lemma distr_shift_bernoulli_34: "distr (bernoulli_34 s) (bernoulli_34 s) shift = bernoulli_34 s"
proof -
  have "(\<lambda>\<omega>. \<lambda>n\<in>UNIV. \<omega> (Suc n)) = shift" by (auto simp: shift_def fun_eq_iff)
  moreover have "distr (PiM UNIV (\<lambda>_. measure_pmf (coin_34 s)))
      (PiM UNIV (\<lambda>_. measure_pmf (coin_34 s))) (\<lambda>\<omega>. \<lambda>n\<in>UNIV. \<omega> (Suc n))
    = PiM UNIV (\<lambda>_. measure_pmf (coin_34 s))"
    by (rule distr_PiM_reindex) (auto intro: measure_pmf.prob_space_axioms)
  ultimately show ?thesis unfolding bernoulli_34_def by simp
qed

lemma AE_bernoulli_34: "AE x in bernoulli_34 s. \<forall>n. x n \<in> {S3, S4}"
proof -
  have "set_pmf (coin_34 s) \<subseteq> {S3, S4}" unfolding coin_34_def by auto
  then have "AE x in bernoulli_34 s. x n \<in> {S3, S4}" for n
    unfolding bernoulli_34_def
    by (intro AE_PiM_component) (auto intro: measure_pmf.prob_space_axioms simp: AE_measure_pmf_iff)
  then show ?thesis by (simp add: AE_all_countable)
qed

lemma inv_prob_234_bernoulli_34: "inv_prob_234 L (bernoulli_34 s)"
proof -
  have S: "SFT234 L \<in> sets (bernoulli_34 s)" using SFT234_in_sets sets_bernoulli_34 by metis
  have "\<forall>n. x n \<in> {S3, S4} \<Longrightarrow> x \<in> SFT234 L" for x
    unfolding SFT234_def SFT_def alphabet_def allowed_def by fastforce
  then have "emeasure (bernoulli_34 s) (SFT234 L) = 1"
    by (intro prob_space.emeasure_eq_1_AE[OF prob_space_bernoulli_34 S])
      (auto intro: AE_mp[OF AE_bernoulli_34])
  then show ?thesis
    unfolding inv_prob_234_def
    using S sets_bernoulli_34 prob_space_bernoulli_34 shift_measurable_bernoulli_34
      distr_shift_bernoulli_34 by auto
qed

definition coin_weight :: "real \<Rightarrow> bool \<Rightarrow> real" where
  "coin_weight s b = (if b then s else 1 - s)"

definition word_weight :: "real \<Rightarrow> bool list \<Rightarrow> real" where
  "word_weight s w = prod_list (map (coin_weight s) w)"

definition S3_cylinder :: "(nat \<Rightarrow> sym) set" where
  "S3_cylinder = {x. x 0 = S3}"

definition S3_pattern :: "bool list \<Rightarrow> (nat \<Rightarrow> sym) set" where
  "S3_pattern w = {x. \<forall>i<length w. (x i = S3) = w ! i}"

lemma word_weight_nonneg: "0 \<le> s \<Longrightarrow> s \<le> 1 \<Longrightarrow> 0 \<le> word_weight s w"
  unfolding word_weight_def by (induction w) (auto simp: coin_weight_def)

lemma word_weight_pos: "0 < s \<Longrightarrow> s < 1 \<Longrightarrow> 0 < word_weight s w"
  unfolding word_weight_def by (induction w) (auto simp: coin_weight_def)

lemma sum_words_Suc:
  "(\<Sum>w | length w = Suc n. f w) = (\<Sum>b\<in>UNIV. \<Sum>w | length w = n. f (b # w))"
proof -
  have split: "{w. length w = Suc n} = (\<lambda>(b, w). b # w) ` (UNIV \<times> {w. length w = n})"
    by (auto simp: length_Suc_conv image_iff)
  have inj: "inj_on (\<lambda>(b, w). b # w) (UNIV \<times> {w. length w = n})"
    by (auto simp: inj_on_def)
  have "(\<Sum>w | length w = Suc n. f w) = sum f ((\<lambda>(b, w). b # w) ` (UNIV \<times> {w. length w = n}))"
    by (simp only: split)
  also have "\<dots> = (\<Sum>p\<in>UNIV \<times> {w. length w = n}. f (fst p # snd p))"
    by (subst sum.reindex[OF inj]) (simp add: case_prod_beta)
  also have "\<dots> = (\<Sum>b\<in>UNIV. \<Sum>w | length w = n. f (b # w))"
    by (simp add: sum.cartesian_product case_prod_beta)
  finally show ?thesis .
qed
········
Each entry in the listing is to be output exactly as given.

#### [Response to the exercise]
lemma distr_shift_bernoulli_34: "distr (bernoulli_34 s) (bernoulli_34 s) shift = bernoulli_34 s"
proof -
  have "(\<lambda>\<omega>. \<lambda>n\<in>UNIV. \<omega> (Suc n)) = shift" by (auto simp: shift_def fun_eq_iff)
  moreover have "distr (PiM UNIV (\<lambda>_. measure_pmf (coin_34 s)))
      (PiM UNIV (\<lambda>_. measure_pmf (coin_34 s))) (\<lambda>\<omega>. \<lambda>n\<in>UNIV. \<omega> (Suc n))
    = PiM UNIV (\<lambda>_. measure_pmf (coin_34 s))"
    by (rule distr_PiM_reindex) (auto intro: measure_pmf.prob_space_axioms)
  ultimately show ?thesis unfolding bernoulli_34_def by simp
qed

lemma AE_bernoulli_34: "AE x in bernoulli_34 s. \<forall>n. x n \<in> {S3, S4}"
proof -
  have "set_pmf (coin_34 s) \<subseteq> {S3, S4}" unfolding coin_34_def by auto
  then have "AE x in bernoulli_34 s. x n \<in> {S3, S4}" for n
    unfolding bernoulli_34_def
    by (intro AE_PiM_component) (auto intro: measure_pmf.prob_space_axioms simp: AE_measure_pmf_iff)
  then show ?thesis by (simp add: AE_all_countable)
qed

lemma inv_prob_234_bernoulli_34: "inv_prob_234 L (bernoulli_34 s)"
proof -
  have S: "SFT234 L \<in> sets (bernoulli_34 s)" using SFT234_in_sets sets_bernoulli_34 by metis
  have "\<forall>n. x n \<in> {S3, S4} \<Longrightarrow> x \<in> SFT234 L" for x
    unfolding SFT234_def SFT_def alphabet_def allowed_def by fastforce
  then have "emeasure (bernoulli_34 s) (SFT234 L) = 1"
    by (intro prob_space.emeasure_eq_1_AE[OF prob_space_bernoulli_34 S])
      (auto intro: AE_mp[OF AE_bernoulli_34])
  then show ?thesis
    unfolding inv_prob_234_def
    using S sets_bernoulli_34 prob_space_bernoulli_34 shift_measurable_bernoulli_34
      distr_shift_bernoulli_34 by auto
qed

definition coin_weight :: "real \<Rightarrow> bool \<Rightarrow> real" where
  "coin_weight s b = (if b then s else 1 - s)"

definition word_weight :: "real \<Rightarrow> bool list \<Rightarrow> real" where
  "word_weight s w = prod_list (map (coin_weight s) w)"

definition S3_cylinder :: "(nat \<Rightarrow> sym) set" where
  "S3_cylinder = {x. x 0 = S3}"

definition S3_pattern :: "bool list \<Rightarrow> (nat \<Rightarrow> sym) set" where
  "S3_pattern w = {x. \<forall>i<length w. (x i = S3) = w ! i}"

lemma word_weight_nonneg: "0 \<le> s \<Longrightarrow> s \<le> 1 \<Longrightarrow> 0 \<le> word_weight s w"
  unfolding word_weight_def by (induction w) (auto simp: coin_weight_def)

lemma word_weight_pos: "0 < s \<Longrightarrow> s < 1 \<Longrightarrow> 0 < word_weight s w"
  unfolding word_weight_def by (induction w) (auto simp: coin_weight_def)

lemma sum_words_Suc:
  "(\<Sum>w | length w = Suc n. f w) = (\<Sum>b\<in>UNIV. \<Sum>w | length w = n. f (b # w))"
proof -
  have split: "{w. length w = Suc n} = (\<lambda>(b, w). b # w) ` (UNIV \<times> {w. length w = n})"
    by (auto simp: length_Suc_conv image_iff)
  have inj: "inj_on (\<lambda>(b, w). b # w) (UNIV \<times> {w. length w = n})"
    by (auto simp: inj_on_def)
  have "(\<Sum>w | length w = Suc n. f w) = sum f ((\<lambda>(b, w). b # w) ` (UNIV \<times> {w. length w = n}))"
    by (simp only: split)
  also have "\<dots> = (\<Sum>p\<in>UNIV \<times> {w. length w = n}. f (fst p # snd p))"
    by (subst sum.reindex[OF inj]) (simp add: case_prod_beta)
  also have "\<dots> = (\<Sum>b\<in>UNIV. \<Sum>w | length w = n. f (b # w))"
    by (simp add: sum.cartesian_product case_prod_beta)
  finally show ?thesis .
qed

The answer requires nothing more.